The OCR is very good, but depending on the type of text, you'll still
get sort of 1-5% error. This doesn't sound like alot, but ends up being
4 or 5 corrections per page. Some pages are perfect, and don't require
any correction. Proofreading the OCR'd text is absolutely required for
a solid finished product.
You can almost always tell why abbyy didn't read something --- there is
usually a noticeable defect in the original text. There is occasionally
"O" for the number zero, and "l" for the number 1 confusion. As you
might expect. If you don't tell it (or it didn't figure it out) that a
portion of the page is a graphic, it will try to OCR the graphic with
worthless although interesting results. :)

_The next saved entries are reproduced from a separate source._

(* Let $q$ be a prime power with $n\mid q-1$, let $\zeta_n\in\mathbb{F}_q$ be a primitive $n$-th root of unity and $g\ge1$. Then the number of $\operatorname{PGl}_n(\mathbb{F}_q)$-conjugacy classes (under simultaneous conjugation) of tuples $(A_1,B_1,\dots,A_g,B_g)\in\operatorname{Sl}_n(\mathbb{F}_q)^{2g}$ with $[A_1,B_1]\cdots[A_g,B_g]=\zeta_nI$ equals the number of such tuples divided by $|\operatorname{PGl}_n(\mathbb{F}_q)|$.
   Context: $[A,B]=ABA^{-1}B^{-1}$. The set of these conjugacy classes is what the paper calls the set of $\mathbb{F}_q$-points of the twisted character variety $\mathcal{M}^g(\operatorname{Sl}_n)(q)$. *)

theory Defs
  imports "HOL-Analysis.Analysis"
begin

type_synonym ('a, 'n) sqmat = "'a ^ 'n ^ 'n"

definition GL :: "('a::field, 'n::finite) sqmat set" where
  "GL = {P. invertible P}"

definition SL :: "('a::field, 'n::finite) sqmat set" where
  "SL = {A. det A = 1}"

definition commutator :: "('a::field, 'n::finite) sqmat \<Rightarrow> ('a, 'n) sqmat \<Rightarrow> ('a, 'n) sqmat" where
  "commutator A B = A ** B ** matrix_inv A ** matrix_inv B"

definition comm_prod :: "(('a::field, 'n::finite) sqmat \<times> ('a, 'n) sqmat) list \<Rightarrow> ('a, 'n) sqmat" where
  "comm_prod xs = foldr (\<lambda>(A, B) M. commutator A B ** M) xs (mat 1)"

definition twisted_tuples :: "nat \<Rightarrow> 'a::field \<Rightarrow> ((('a, 'n::finite) sqmat \<times> ('a, 'n) sqmat) list) set" where
  "twisted_tuples g \<zeta> = {xs. length xs = g \<and> (\<forall>(A, B) \<in> set xs. A \<in> SL \<and> B \<in> SL)
       \<and> comm_prod xs = mat \<zeta>}"

definition conj_tuple :: "('a::field, 'n::finite) sqmat \<Rightarrow> (('a, 'n) sqmat \<times> ('a, 'n) sqmat) list
    \<Rightarrow> (('a, 'n) sqmat \<times> ('a, 'n) sqmat) list" where
  "conj_tuple P xs = map (\<lambda>(A, B). (P ** A ** matrix_inv P, P ** B ** matrix_inv P)) xs"

text \<open>Orbit relation of simultaneous conjugation on a set X of tuples. Since scalar
  matrices act trivially, the PGl_n-orbits coincide with the Gl_n-orbits.\<close>
definition conj_rel :: "(('a::field, 'n::finite) sqmat \<times> ('a, 'n) sqmat) list set
    \<Rightarrow> ((('a, 'n) sqmat \<times> ('a, 'n) sqmat) list \<times> (('a, 'n) sqmat \<times> ('a, 'n) sqmat) list) set" where
  "conj_rel X = {(s, t). s \<in> X \<and> t \<in> X \<and> (\<exists>P \<in> GL. t = conj_tuple P s)}"

definition scalar_rel :: "(('a::field, 'n::finite) sqmat \<times> ('a, 'n) sqmat) set" where
  "scalar_rel = {(P, Q). P \<in> GL \<and> Q \<in> GL \<and> (\<exists>c. c \<noteq> 0 \<and> Q = mat c ** P)}"

definition PGL :: "('a::field, 'n::finite) sqmat set set" where
  "PGL = GL // scalar_rel"

definition primitive_root :: "nat \<Rightarrow> 'a::field \<Rightarrow> bool" where
  "primitive_root n z \<longleftrightarrow> z ^ n = 1 \<and> (\<forall>k. 0 < k \<and> k < n \<longrightarrow> z ^ k \<noteq> 1)"

end

theory Submission
  imports Defs "HOL-Algebra.Algebraic_Closure_Type"
begin

text \<open>Simultaneous conjugation by \<open>PGl\<^sub>n\<close> acts freely on the twisted tuples, so every orbit has
  \<open>|PGl\<^sub>n|\<close> elements. If \<open>P\<close> fixes a tuple, it commutes with all \<open>A\<^sub>i, B\<^sub>i\<close>. A subspace \<open>W\<close>
  invariant under the tuple is trivial: in a basis adapted to \<open>W\<close> all \<open>A\<^sub>i, B\<^sub>i\<close> are block
  triangular, so the \<open>W\<close>-block of \<open>\<Prod> [A\<^sub>i, B\<^sub>i]\<close> has determinant 1, whereas that of \<open>\<zeta> I\<close> has
  determinant \<open>\<zeta>\<^bsup>dim W\<^esup>\<close>; as \<open>\<zeta>\<close> is a primitive \<open>n\<close>-th root, \<open>dim W\<close> is \<open>0\<close> or \<open>n\<close>. By Schur's
  argument every matrix commuting with the tuple is therefore \<open>0\<close> or invertible. Over the algebraic
  closure \<open>P\<close> has an eigenvalue \<open>a\<close>; then \<open>P - a I\<close> is singular, hence zero, and \<open>P\<close> is scalar.\<close>

(* The algebraic closure brings formal power series, whose coefficient syntax clashes with vector indexing. *)
no_notation fps_nth (infixl "$" 75)

lemma matrix_inv_right:
  fixes A :: "'a::field^'n::finite^'n"
  shows "invertible A \<Longrightarrow> A ** matrix_inv A = mat 1"
  unfolding matrix_inv_def invertible_def by (rule someI_ex[THEN conjunct1])

lemma matrix_inv_left:
  fixes A :: "'a::field^'n::finite^'n"
  shows "invertible A \<Longrightarrow> matrix_inv A ** A = mat 1"
  unfolding matrix_inv_def invertible_def by (rule someI_ex[THEN conjunct2])

lemma matrix_inv_unique:
  fixes A B :: "'a::field^'n::finite^'n"
  assumes "A ** B = mat 1"
  shows "matrix_inv A = B"
proof -
  have "invertible A" using assms invertible_right_inverse by blast
  then have "matrix_inv A = matrix_inv A ** (A ** B)" by (simp add: assms)
  also have "\<dots> = B" by (simp add: matrix_mul_assoc matrix_inv_left \<open>invertible A\<close>)
  finally show ?thesis .
qed

lemma invertible_matrix_inv:
  fixes A :: "'a::field^'n::finite^'n"
  shows "invertible A \<Longrightarrow> invertible (matrix_inv A)"
  using matrix_inv_left invertible_right_inverse by blast

lemma matrix_inv_matrix_inv:
  fixes A :: "'a::field^'n::finite^'n"
  shows "invertible A \<Longrightarrow> matrix_inv (matrix_inv A) = A"
  using matrix_inv_left matrix_inv_unique by blast

lemma matrix_inv_mult:
  fixes A B :: "'a::field^'n::finite^'n"
  assumes "invertible A" "invertible B"
  shows "matrix_inv (A ** B) = matrix_inv B ** matrix_inv A"
proof (rule matrix_inv_unique)
  have "A ** B ** (matrix_inv B ** matrix_inv A) = A ** (B ** matrix_inv B) ** matrix_inv A"
    by (simp only: matrix_mul_assoc)
  then show "A ** B ** (matrix_inv B ** matrix_inv A) = mat 1"
    by (simp add: matrix_inv_right assms)
qed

Abbyy suggests 400dpi minimum, but I usually use 600dpi. I've found
that I get pretty good results with 600. There's definitely more errors
under 300. I scan to TIFF, of course. :)
I've had no luck "training" abbyy to learn the text --- it seems like a
never ending challenge, and doesn't improve recognition much that I can
tell.
Regarding Adobe doing the OCR, their OCR is decent, but no where near
abbyy. Adobe OCR is good for "keeping-the-original-scanned-graphic" and
make it searchable. But if you entirely recreate the original document
from text (simple as unchecking a box or something),
you'll notice the
errors are simply way too much. The tools for repairing the
PDFs are
pretty arcane, and Adobe is a just a pain in the butt for this type of
stuff.
While not perfect, this is an example PDF made from abbyy.
http://www.techtravels.org/tech/BrianInstrumentsManuals.pdf
Hope this helps.
Keith